Unfortunately, in the First World War the city will suffer losses never seen before and this from both a human and a political point of view. This area will in fact be the victim of the terrible Assyrian Genocide, massacres carried out by the Ottomans at the hands of the Hamidiye regiments, mostly composed of Kurds, Turks and other local populations; the estimates of deaths range from 150,000 to 300,000, resulting only in numbers below the Armenian.
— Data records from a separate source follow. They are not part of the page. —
lemma expectation_XT_tendsto: "(\<lambda>k. expectation (XT k)) \<longlonglongrightarrow> expectation (X 0)"
proof -
  have "(\<lambda>k. expectation (\<lambda>\<omega>. trunc (Suc k) (X 0 \<omega>))) \<longlonglongrightarrow> expectation (X 0)"
  proof (rule integral_dominated_convergence[where w="X 0"])
    show "AE \<omega> in M. (\<lambda>k. trunc (Suc k) (X 0 \<omega>)) \<longlonglongrightarrow> X 0 \<omega>"
    proof (rule AE_I2)
      fix \<omega>
      obtain N :: nat where "X 0 \<omega> \<le> N" using real_arch_simple by blast
      then have "\<forall>\<^sub>F k in sequentially. trunc (Suc k) (X 0 \<omega>) = X 0 \<omega>"
        unfolding eventually_sequentially trunc_def by (intro exI[of _ N]) auto
      then show "(\<lambda>k. trunc (Suc k) (X 0 \<omega>)) \<longlonglongrightarrow> X 0 \<omega>" by (rule tendsto_eventually)
    qed
  qed (simp_all add: integrable_X0 trunc_nonneg trunc_le X_nonneg)
  then show ?thesis
    unfolding XT_def by (subst integral_comp_X) simp_all
qed

lemma integrable_trunc_X0_square: "0 \<le> c \<Longrightarrow> integrable M (\<lambda>\<omega>. (trunc c (X 0 \<omega>))^2)"
  by (rule integrable_const_bound[where B="c^2"]) (auto simp: trunc_def X_nonneg intro: power_mono)

definition S :: "nat \<Rightarrow> 'a \<Rightarrow> real" where
  "S n \<omega> = (\<Sum>k<n. XT k \<omega>)"

lemma measurable_S [measurable]: "S n \<in> borel_measurable M"
  unfolding S_def by measurable

lemma expectation_S: "expectation (S n) = (\<Sum>k<n. expectation (XT k))"
  unfolding S_def[abs_def] by (rule Bochner_Integration.integral_sum) (rule integrable_XT)

lemma expectation_S_ratio_tendsto: "(\<lambda>n. expectation (S n) / n) \<longlonglongrightarrow> expectation (X 0)"
  unfolding expectation_S by (rule tendsto_cesaro_mean[OF expectation_XT_tendsto])

lemma variance_S_le: "variance (S n) \<le> n * expectation (\<lambda>\<omega>. (trunc n (X 0 \<omega>))^2)"
proof -
  have "variance (S n) = (\<Sum>k<n. pvar M (XT k))"
    unfolding variance_eq_pvar S_def[abs_def]
    by (intro pvar_sum_uncorrelated pcov_indep_eq_0[OF indep_XT] integrable_XT_square) auto
  also have "\<dots> \<le> (\<Sum>k<n. expectation (\<lambda>\<omega>. (trunc n (X 0 \<omega>))^2))"
  proof (intro sum_mono)
    fix k assume "k \<in> {..<n}"
    have "pvar M (XT k) = expectation (\<lambda>\<omega>. (XT k \<omega>)^2) - (expectation (XT k))^2"
      using pcov_eq_expectation[OF measurable_XT measurable_XT integrable_XT_square integrable_XT_square]
      unfolding pvar_def by (simp add: power2_eq_square)
    also have "\<dots> \<le> expectation (\<lambda>\<omega>. (trunc (Suc k) (X 0 \<omega>))^2)"
      unfolding XT_def by (subst integral_comp_X) simp_all
    also have "\<dots> \<le> expectation (\<lambda>\<omega>. (trunc n (X 0 \<omega>))^2)"
      using \<open>k \<in> {..<n}\<close> integrable_trunc_X0_square
      by (intro Bochner_Integration.integral_mono) (auto simp: trunc_def)
    finally show "pvar M (XT k) \<le> expectation (\<lambda>\<omega>. (trunc n (X 0 \<omega>))^2)" .
  qed
  finally show ?thesis by simp
qed

lemma prob_S_deviation_le:
  fixes e :: real
  assumes "e > 0" "n > 0"
  shows "prob {\<omega>\<in>space M. e * n \<le> \<bar>S n \<omega> - expectation (S n)\<bar>}
    \<le> expectation (\<lambda>\<omega>. (trunc n (X 0 \<omega>))^2 / n) / e^2"
proof -
  have "integrable M (\<lambda>\<omega>. (S n \<omega>)^2)"
    unfolding S_def by (intro integrable_square_sum integrable_XT_square) auto
  then have "prob {\<omega>\<in>space M. e * n \<le> \<bar>S n \<omega> - expectation (S n)\<bar>} \<le> variance (S n) / (e * n)^2"
    using assms by (intro Chebyshev_inequality) auto
  also have "\<dots> \<le> n * expectation (\<lambda>\<omega>. (trunc n (X 0 \<omega>))^2) / (e * n)^2"
    by (intro divide_right_mono variance_S_le) simp
  also have "\<dots> = expectation (\<lambda>\<omega>. (trunc n (X 0 \<omega>))^2 / n) / e^2"
    using assms by (simp add: power2_eq_square field_simps)
  finally show ?thesis .
qed

lemma AE_eventually_S_geom_ceil_close:
  fixes e :: real
  assumes a: "a > 1" and e: "e > 0"
  shows "AE \<omega> in M. \<forall>\<^sub>F m in sequentially.
    \<bar>S (geom_ceil a m) \<omega> - expectation (S (geom_ceil a m))\<bar> < e * geom_ceil a m"
proof -
  let ?k = "geom_ceil a"
  define B where "B m = {\<omega>\<in>space M. e * ?k m \<le> \<bar>S (?k m) \<omega> - expectation (S (?k m))\<bar>}" for m
  have B_sets [measurable]: "B m \<in> sets M" for m unfolding B_def by measurable
  have integrable_trunc: "integrable M (\<lambda>\<omega>. (trunc (?k m) (X 0 \<omega>))^2 / ?k m)" for m
    using integrable_trunc_X0_square[of "?k m"] by simp
  have "(\<Sum>m<K. prob (B m)) \<le> expectation (\<lambda>\<omega>. 2 * a / (a - 1) * X 0 \<omega>) / e^2" for K
  proof -
    have "(\<Sum>m<K. prob (B m)) \<le> (\<Sum>m<K. expectation (\<lambda>\<omega>. (trunc (?k m) (X 0 \<omega>))^2 / ?k m) / e^2)"
      unfolding B_def using geom_ceil_pos[OF a] e by (intro sum_mono prob_S_deviation_le) (auto simp: Suc_le_eq)
    also have "\<dots> = expectation (\<lambda>\<omega>. \<Sum>m<K. (trunc (?k m) (X 0 \<omega>))^2 / ?k m) / e^2"
      unfolding sum_divide_distrib[symmetric]
      by (subst Bochner_Integration.integral_sum) (simp_all only: integrable_trunc)
    also have "\<dots> \<le> expectation (\<lambda>\<omega>. 2 * a / (a - 1) * X 0 \<omega>) / e^2"
      using integrable_trunc integrable_X0 sum_trunc_sq_geom_ceil_le[OF a X_nonneg]
      by (intro divide_right_mono Bochner_Integration.integral_mono) auto
    finally show ?thesis .
  qed
  then have "summable (\<lambda>m. prob (B m))"
    by (intro summableI_nonneg_bounded) auto
  with borel_cantelli_AE1[OF B_sets]
  have "AE \<omega> in M. \<forall>\<^sub>F m in sequentially. \<omega> \<in> space M - B m"
    by (simp add: emeasure_eq_measure)
  then show ?thesis
    by (rule AE_mp) (auto intro!: AE_I2 elim!: eventually_mono simp: B_def)
qed

lemma AE_S_geom_ceil_tendsto:
  assumes a: "a > 1"
  shows "AE \<omega> in M. (\<lambda>m. S (geom_ceil a m) \<omega> / geom_ceil a m) \<longlonglongrightarrow> expectation (X 0)"
proof -
  let ?k = "geom_ceil a"
  have "AE \<omega> in M. \<forall>\<^sub>F m in sequentially.
      \<bar>S (?k m) \<omega> - expectation (S (?k m))\<bar> < 1 / Suc p * ?k m" for p :: nat
    by (rule AE_eventually_S_geom_ceil_close[OF a]) simp
  then have "AE \<omega> in M. \<forall>p. \<forall>\<^sub>F m in sequentially.
      \<bar>S (?k m) \<omega> - expectation (S (?k m))\<bar> < 1 / Suc p * ?k m"
    unfolding AE_all_countable by blast
  then show ?thesis
  proof (rule AE_mp[OF _ AE_I2], intro impI)
    fix \<omega>
    assume close: "\<forall>p. \<forall>\<^sub>F m in sequentially. \<bar>S (?k m) \<omega> - expectation (S (?k m))\<bar> < 1 / Suc p * ?k m"
    have k_pos: "0 < real (?k m)" for m using geom_ceil_pos[OF a, of m] by simp
    have "(\<lambda>m. S (?k m) \<omega> / ?k m - expectation (S (?k m)) / ?k m) \<longlonglongrightarrow> 0"
    proof (rule LIMSEQ_of_eventually_bounds)
      show "\<forall>\<^sub>F m in sequentially. - (1 / Suc p) \<le> S (?k m) \<omega> / ?k m - expectation (S (?k m)) / ?k m
          \<and> S (?k m) \<omega> / ?k m - expectation (S (?k m)) / ?k m \<le> 1 / Suc p" for p
        using close[rule_format, of p]
        by (elim eventually_mono) (use k_pos in \<open>auto simp: abs_less_iff field_simps\<close>)
    next
      have "(\<lambda>p. 1 / real (Suc p)) \<longlonglongrightarrow> 0"
        by (rule LIMSEQ_Suc[OF lim_1_over_n])
      then show "(\<lambda>p. - (1 / real (Suc p))) \<longlonglongrightarrow> 0" "(\<lambda>p. 1 / real (Suc p)) \<longlonglongrightarrow> 0"
        using tendsto_minus by force+
    qed
    moreover have "(\<lambda>m. expectation (S (?k m)) / ?k m) \<longlonglongrightarrow> expectation (X 0)"
      using filterlim_compose[OF expectation_S_ratio_tendsto filterlim_geom_ceil[OF a]] by simp
    ultimately show "(\<lambda>m. S (?k m) \<omega> / ?k m) \<longlonglongrightarrow> expectation (X 0)"
      using tendsto_add by fastforce
  qed
qed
Once defeated, the Ottoman Empire was forced by the United Kingdom to cede the possession of Mosul to Iraq, which, with the provinces of Baghdad and Basra, will form the modern country.


London was particularly keen on this agreement in order to obtain preferential access to the oil wells located near the city, a wealth which, over the years, has proved to be a real curse. Precisely because of its strategic importance, since the birth of the country it became one of the places of greatest wealth and importance, so much so that it became essential for Saddam Hussein who practiced a violent Arabization here. Like the ancient sultans, the new dictator also feared the riots of distant ethnic groups and for this he made all the violence available, but complicating the situation. In 1991 a violent Kurdish revolt broke out there and, precisely because of this situation, in 2003 Mosul became one of the key places for the American invasion. Unfortunately, the political climate of great uncertainty, assisted by an ever-increasing expansion of Islamic fundamentalist organizations, has made the area a perfect place for the development of ISIS which, from 2014 to 2017, dominated the territory.